So there'll be A, B and C. Every sequence A will produce one B and every B will produce one C. There will always be one base sequence and every A, B and C will give you another sequence.

1. Start with the bace sequence in which you obtain A(You never obtain another A and if you do god help you.).
2. You now have 2 sequences; Base+A.
First is A, B.
Second is A, B2, C.
3. You now have 5 sequnces; Base+A+ B2+C.
First is A, B3, C3.
Second is A, B4, C6.
Third is A, B5, C10.
Fourth is A, B6, C15.
Fifth is A, B7, C21.
4. You now have 30 sequences; Base+A+B7+C21.
Ending in A, B37, C671
5. You now have 710 sequences; Base+A+B37+C671

Problem is I run out of calculator space too fast and by hand is annoying and I am trying to find out how many I have on the 6th, 7th, 8th, 9th, and 10th run. Anything after that is moot realy, but humorous none-the-less just to show off the numbers. Because if you set off in 3, 4 will be deveastating and 5 it'll be over, but most likely it can finish until 6. Fun huh?

Only reply so far wrote:
This doesn't make sense to me.
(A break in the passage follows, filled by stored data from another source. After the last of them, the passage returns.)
(* For every population instance and pool size bound $G$, $$\max_{T\in\mathcal T^3}u(T)\le \tfrac73\max_{T\in\tilde{\mathcal T}^3}u(T)\quad\text{and}\quad \max_{T\in\mathcal T^4}u(T)\le \tfrac{15}{4}\max_{T\in\tilde{\mathcal T}^4}u(T).$$ That is, $\mathrm{gain}(3)\le 7/3$ and $\mathrm{gain}(4)\le 15/4$.
   Context: Population $[n]=\{1,\dots,n\}$. Individual $i$ is healthy with probability $q_i\in[0,1]$, independently, and has utility $u_i\ge0$. For $S\subseteq[n]$, $q_S=\prod_{i\in S}q_i$ ($q_\emptyset=1$). A test is a set $t\subseteq[n]$ with $|t|\le G$; it is negative iff all its members are healthy. A testing regime with budget $B$ is a tuple $T=(t_1,\dots,t_B)$ of tests; $\mathcal T^B$ is the set of all of them and $\tilde{\mathcal T}^B$ the set of non-overlapping ones (tests pairwise disjoint). $P^T_i$ is the probability that $i$ is in at least one negative test of $T$; welfare is $u(T)=\sum_iu_iP^T_i$. $\mathrm{gain}(B)$ is the supremum over instances of $\max_{\mathcal T^B}u/\max_{\tilde{\mathcal T}^B}u$. *)

theory Defs
  imports "HOL-Analysis.Analysis"
begin

text \<open>Population [n] = {1..n}. A health state is the set H of healthy individuals;
  under independence it has probability
  prod q over H times prod (1 - q) over the rest.\<close>

definition state_prob :: "nat \<Rightarrow> (nat \<Rightarrow> real) \<Rightarrow> nat set \<Rightarrow> real" where
  "state_prob n q H = (\<Prod>i\<in>H. q i) * (\<Prod>i\<in>{1..n} - H. 1 - q i)"

definition test_negative :: "nat set \<Rightarrow> nat set \<Rightarrow> bool" where
  "test_negative H t \<longleftrightarrow> t \<subseteq> H"

definition regimes :: "nat \<Rightarrow> nat \<Rightarrow> nat \<Rightarrow> nat set list set" where
  "regimes n G B = {T. length T = B \<and> (\<forall>t\<in>set T. t \<subseteq> {1..n} \<and> card t \<le> G)}"

definition non_overlapping :: "nat set list \<Rightarrow> bool" where
  "non_overlapping T \<longleftrightarrow> (\<forall>a < length T. \<forall>b < length T. a \<noteq> b \<longrightarrow> T ! a \<inter> T ! b = {})"

definition regimes_no :: "nat \<Rightarrow> nat \<Rightarrow> nat \<Rightarrow> nat set list set" where
  "regimes_no n G B = {T \<in> regimes n G B. non_overlapping T}"

definition P_in_neg :: "nat \<Rightarrow> (nat \<Rightarrow> real) \<Rightarrow> nat set list \<Rightarrow> nat \<Rightarrow> real" where
  "P_in_neg n q T i =
     (\<Sum>H\<in>Pow {1..n}. if (\<exists>t\<in>set T. i \<in> t \<and> test_negative H t) then state_prob n q H else 0)"

definition welfare :: "nat \<Rightarrow> (nat \<Rightarrow> real) \<Rightarrow> (nat \<Rightarrow> real) \<Rightarrow> nat set list \<Rightarrow> real" where
  "welfare n q u T = (\<Sum>i\<in>{1..n}. u i * P_in_neg n q T i)"

end

theory Submission
  imports Defs
begin

text \<open>Group the individuals by the set S \<subseteq> {0..<B} of indices of the tests that contain
  them. The cells of the nonempty patterns are pairwise disjoint, each lies inside a test, and
  replacing the tests by the cells only helps the individuals of the chosen cells: if a test
  containing i is negative, so is the (smaller) cell of i. Since there are 2^B - 1 nonempty
  patterns, some B of them carry at least a fraction B / (2^B - 1) of the welfare, and using
  their cells as the B tests gives a non-overlapping regime. This yields gain(B) \<le> (2^B - 1)/B,
  which is 7/3 for B = 3 and 15/4 for B = 4.\<close>

definition tests_containing :: "nat set list \<Rightarrow> nat \<Rightarrow> nat set" where
  "tests_containing T i = {j. j < length T \<and> i \<in> T ! j}"

definition pattern_cell :: "nat \<Rightarrow> nat set list \<Rightarrow> nat set \<Rightarrow> nat set" where
  "pattern_cell n T S = {i \<in> {1..n}. tests_containing T i = S}"

lemma exists_card_subset_sum_ge_average:
  fixes d :: "'a \<Rightarrow> real"
  assumes "finite F" "k \<le> card F"
  shows "\<exists>A\<subseteq>F. card A = k \<and> real k * sum d F \<le> real (card F) * sum d A"
  using assms
proof (induction "card F" arbitrary: F rule: less_induct)
  case less
  show ?case
  proof (cases "card F = k")
    case True
    then show ?thesis by (intro exI[of _ F]) auto
  next
    case False
    with less.prems have "k < card F" by auto
    then have "F \<noteq> {}" by auto
    obtain x where x: "x \<in> F" "\<forall>y\<in>F. d x \<le> d y"
      using ex_is_arg_min_if_finite[OF less.prems(1) \<open>F \<noteq> {}\<close>, of d]
      by (auto simp: is_arg_min_linorder)
    define F' where "F' = F - {x}"
    have card_F': "card F = card F' + 1"
      using x(1) less.prems(1) \<open>k < card F\<close> by (simp add: F'_def)
    obtain A where A: "A \<subseteq> F'" "card A = k" "real k * sum d F' \<le> real (card F') * sum d A"
      using less.hyps[of F'] less.prems(1) card_F' \<open>k < card F\<close> by (auto simp: F'_def)
    have "(\<Sum>y\<in>A. d x) \<le> sum d A"
      using A(1) x(2) by (intro sum_mono) (auto simp: F'_def)
    then have "real k * d x \<le> sum d A"
      using A(2) by simp
    moreover have "sum d F = d x + sum d F'"
      using x(1) less.prems(1) by (simp add: F'_def sum.remove)
    ultimately have "real k * sum d F \<le> real (card F) * sum d A"
      using A(3) card_F' by (simp add: algebra_simps)
    with A show ?thesis by (auto simp: F'_def)
  qed
qed

lemma state_prob_nonneg:
  assumes "\<forall>i\<in>{1..n}. 0 \<le> q i \<and> q i \<le> 1" "H \<subseteq> {1..n}"
  shows "0 \<le> state_prob n q H"
  unfolding state_prob_def using assms by (intro mult_nonneg_nonneg prod_nonneg) auto

lemma P_in_neg_nonneg:
  assumes "\<forall>i\<in>{1..n}. 0 \<le> q i \<and> q i \<le> 1"
  shows "0 \<le> P_in_neg n q T i"
  unfolding P_in_neg_def using state_prob_nonneg[OF assms] by (intro sum_nonneg) auto

lemma P_in_neg_mono:
  assumes "\<forall>i\<in>{1..n}. 0 \<le> q i \<and> q i \<le> 1"
    and "\<And>H t. H \<subseteq> {1..n} \<Longrightarrow> t \<in> set T \<Longrightarrow> i \<in> t \<Longrightarrow> t \<subseteq> H \<Longrightarrow> \<exists>t'\<in>set T'. i \<in> t' \<and> t' \<subseteq> H"
  shows "P_in_neg n q T i \<le> P_in_neg n q T' i"
  unfolding P_in_neg_def test_negative_def
proof (rule sum_mono)
  fix H assume "H \<in> Pow {1..n}"
  then have "H \<subseteq> {1..n}"
    by simp
  then have "0 \<le> state_prob n q H"
    and "(\<exists>t\<in>set T. i \<in> t \<and> t \<subseteq> H) \<longrightarrow> (\<exists>t'\<in>set T'. i \<in> t' \<and> t' \<subseteq> H)"
    using state_prob_nonneg[OF assms(1)] assms(2)[of H] by auto
  then show "(if \<exists>t\<in>set T. i \<in> t \<and> t \<subseteq> H then state_prob n q H else 0)
      \<le> (if \<exists>t\<in>set T'. i \<in> t \<and> t \<subseteq> H then state_prob n q H else 0)"
    by auto
qed

lemma P_in_neg_eq_0:
  assumes "tests_containing T i = {}"
  shows "P_in_neg n q T i = 0"
  unfolding P_in_neg_def test_negative_def
  using assms by (intro sum.neutral) (auto simp: tests_containing_def in_set_conv_nth)

lemma sum_le_welfare:
  assumes "\<forall>i\<in>{1..n}. 0 \<le> q i \<and> q i \<le> 1" "\<forall>i\<in>{1..n}. 0 \<le> u i" "I \<subseteq> {1..n}"
  shows "(\<Sum>i\<in>I. u i * P_in_neg n q T i) \<le> welfare n q u T"
  unfolding welfare_def using assms P_in_neg_nonneg[OF assms(1)]
  by (intro sum_mono2) auto

lemma welfare_eq_sum_pattern_cells:
  "welfare n q u T =
     (\<Sum>S\<in>Pow {..<length T} - {{}}. \<Sum>i\<in>pattern_cell n T S. u i * P_in_neg n q T i)"
proof -
  have "welfare n q u T = (\<Sum>S\<in>Pow {..<length T}. \<Sum>i\<in>pattern_cell n T S. u i * P_in_neg n q T i)"
    unfolding welfare_def pattern_cell_def
    by (rule sum.group[symmetric]) (auto simp: tests_containing_def)
  also have "\<dots> = (\<Sum>i\<in>pattern_cell n T {}. u i * P_in_neg n q T i)
      + (\<Sum>S\<in>Pow {..<length T} - {{}}. \<Sum>i\<in>pattern_cell n T S. u i * P_in_neg n q T i)"
    by (rule sum.remove) auto
  finally show ?thesis
    by (simp add: pattern_cell_def P_in_neg_eq_0)
qed

lemma pattern_cell_subset_test:
  "j \<in> S \<Longrightarrow> pattern_cell n T S \<subseteq> T ! j"
  by (auto simp: pattern_cell_def tests_containing_def)

lemma pattern_cells_in_regimes_no:
  assumes "T \<in> regimes n G B" "distinct L" "set L \<subseteq> Pow {..<B} - {{}}"
  shows "map (pattern_cell n T) L \<in> regimes_no n G (length L)"
proof -
  have "t \<subseteq> {1..n} \<and> card t \<le> G" if t: "t \<in> set (map (pattern_cell n T) L)" for t
  proof -
    obtain S where S: "S \<in> set L" "t = pattern_cell n T S"
      using t by auto
    then obtain j where "j \<in> S" "j < B"
      using assms(3) by blast
    then have "t \<subseteq> T ! j" "T ! j \<in> set T" "T ! j \<subseteq> {1..n}" "card (T ! j) \<le> G"
      using assms(1) S(2) pattern_cell_subset_test by (auto simp: regimes_def)
    moreover have "card t \<le> card (T ! j)"
      using \<open>t \<subseteq> T ! j\<close> \<open>T ! j \<subseteq> {1..n}\<close> by (meson card_mono finite_atLeastAtMost finite_subset)
    ultimately show ?thesis
      by auto
  qed
  moreover have "non_overlapping (map (pattern_cell n T) L)"
    using assms(2) by (auto simp: non_overlapping_def pattern_cell_def nth_eq_iff_index_eq)
  ultimately show ?thesis
    by (simp add: regimes_no_def regimes_def)
qed

lemma sum_pattern_cells_le_welfare:
  assumes q: "\<forall>i\<in>{1..n}. 0 \<le> q i \<and> q i \<le> 1" and u: "\<forall>i\<in>{1..n}. 0 \<le> u i"
  shows "(\<Sum>S\<in>set L. \<Sum>i\<in>pattern_cell n T S. u i * P_in_neg n q T i)
    \<le> welfare n q u (map (pattern_cell n T) L)"
    (is "_ \<le> welfare n q u ?T'")
proof -
  have "P_in_neg n q T i \<le> P_in_neg n q ?T' i"
    if S: "S \<in> set L" and i: "i \<in> pattern_cell n T S" for S i
  proof (rule P_in_neg_mono[OF q])
    fix H t assume "H \<subseteq> {1..n}" "t \<in> set T" "i \<in> t" "t \<subseteq> H"
    then obtain j where "j \<in> S" "T ! j \<subseteq> H"
      using i by (auto simp: pattern_cell_def tests_containing_def in_set_conv_nth)
    then show "\<exists>t'\<in>set ?T'. i \<in> t' \<and> t' \<subseteq> H"
      using S i pattern_cell_subset_test[of j S n T] by auto
  qed
  then have "(\<Sum>S\<in>set L. \<Sum>i\<in>pattern_cell n T S. u i * P_in_neg n q T i)
      \<le> (\<Sum>S\<in>set L. \<Sum>i\<in>pattern_cell n T S. u i * P_in_neg n q ?T' i)"
    using u by (intro sum_mono mult_left_mono) (auto simp: pattern_cell_def)
  also have "\<dots> = (\<Sum>i\<in>(\<Union>S\<in>set L. pattern_cell n T S). u i * P_in_neg n q ?T' i)"
    by (rule sum.UNION_disjoint[symmetric]) (auto simp: pattern_cell_def)
  also have "\<dots> \<le> welfare n q u ?T'"
    using q u by (intro sum_le_welfare) (auto simp: pattern_cell_def)
  finally show ?thesis .
qed

lemma exists_regime_no_welfare_ge:
  assumes q: "\<forall>i\<in>{1..n}. 0 \<le> q i \<and> q i \<le> 1" and u: "\<forall>i\<in>{1..n}. 0 \<le> u i"
    and T: "T \<in> regimes n G B"
  shows "\<exists>T'\<in>regimes_no n G B. real B * welfare n q u T \<le> real (2^B - 1) * welfare n q u T'"
proof -
  define F where "F = Pow {..<B} - {{}}"
  define d where "d S = (\<Sum>i\<in>pattern_cell n T S. u i * P_in_neg n q T i)" for S
  have "length T = B"
    using T by (simp add: regimes_def)
  then have welfare_T: "welfare n q u T = sum d F"
    by (simp add: welfare_eq_sum_pattern_cells F_def d_def)
  have card_F: "card F = 2^B - 1"
    by (simp add: F_def card_Pow)
  have "finite F"
    by (simp add: F_def)
  moreover have "B \<le> card F"
    using card_F less_exp[of B] by linarith
  ultimately obtain A where A: "A \<subseteq> F" "card A = B" "real B * sum d F \<le> real (card F) * sum d A"
    using exists_card_subset_sum_ge_average by blast
  obtain L where L: "set L = A" "distinct L"
    using finite_distinct_list finite_subset[OF A(1) \<open>finite F\<close>] by blast
  define T' where "T' = map (pattern_cell n T) L"
  have "length L = B"
    using A(2) L distinct_card by metis
  then have "T' \<in> regimes_no n G B"
    using pattern_cells_in_regimes_no[OF T L(2)] A(1) L(1) by (simp add: T'_def F_def)
  moreover have "sum d A \<le> welfare n q u T'"
    using sum_pattern_cells_le_welfare[OF q u, of T L] L by (simp add: T'_def d_def)
  then have "real B * welfare n q u T \<le> real (card F) * welfare n q u T'"
    using A(3) welfare_T by (metis mult_left_mono of_nat_0_le_iff order_trans)
  ultimately show ?thesis
    using card_F by auto
qed

lemma Max_welfare_regimes_le:
  assumes "\<forall>i\<in>{1..n}. 0 \<le> q i \<and> q i \<le> 1" "\<forall>i\<in>{1..n}. 0 \<le> u i" "1 \<le> B"
  shows "Max (welfare n q u ` regimes n G B)
    \<le> real (2^B - 1) / real B * Max (welfare n q u ` regimes_no n G B)"
proof -
  have finite_regimes: "finite (regimes n G B)"
    by (rule finite_subset[OF _ finite_lists_length_eq[of "Pow {1..n}" B]])
       (auto simp: regimes_def)
  then have "finite (regimes_no n G B)"
    by (rule finite_subset[rotated]) (auto simp: regimes_no_def)
  have "replicate B {} \<in> regimes n G B"
    by (simp add: regimes_def)
  then obtain T where T: "T \<in> regimes n G B" "welfare n q u T = Max (welfare n q u ` regimes n G B)"
    using finite_regimes by (metis (mono_tags, lifting) Max_in empty_iff finite_imageI image_iff image_is_empty)
  obtain T' where T': "T' \<in> regimes_no n G B"
    "real B * welfare n q u T \<le> real (2^B - 1) * welfare n q u T'"
    using exists_regime_no_welfare_ge[OF assms(1,2) T(1)] by blast
  have "welfare n q u T \<le> real (2^B - 1) / real B * welfare n q u T'"
    using T'(2) assms(3) by (simp add: field_simps)
  also have "\<dots> \<le> real (2^B - 1) / real B * Max (welfare n q u ` regimes_no n G B)"
    using T'(1) \<open>finite (regimes_no n G B)\<close> by (intro mult_left_mono Max_ge) auto
  finally show ?thesis
    using T(2) by simp
qed

theorem mainTheorem6:
  fixes n G :: nat and q u :: "nat \<Rightarrow> real"
  assumes "\<forall>i\<in>{1..n}. 0 \<le> q i \<and> q i \<le> 1"
    and "\<forall>i\<in>{1..n}. 0 \<le> u i"
  shows "Max (welfare n q u ` regimes n G 3) \<le> 7/3 * Max (welfare n q u ` regimes_no n G 3)
    \<and> Max (welfare n q u ` regimes n G 4) \<le> 15/4 * Max (welfare n q u ` regimes_no n G 4)"
  using Max_welfare_regimes_le[OF assms, of 3 G] Max_welfare_regimes_le[OF assms, of 4 G]
  by simp

end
I'm not really sure what you're doing.

My reply was:
When you finish off the sequences, you start again with the new number of sequences. You always have 1, plus the number of As, Bs, And Cs you've acumulated. But when you add a B or C during a sequence set, it doesn't give you another sequence until the current set is over. Increasing the number of sequences in the set after it.
So first set is 2 sequences, The one you always have plus the one from A.
A produces a B in the first sequence.
Then In the second sequence the B that you now have produces a C and A produces another B.
You end the first set with an A, 2 Bs and a C making it so that you will have 5 sequences in the second set. The one you always have, plus A, Plus 2 Bs, plus a C.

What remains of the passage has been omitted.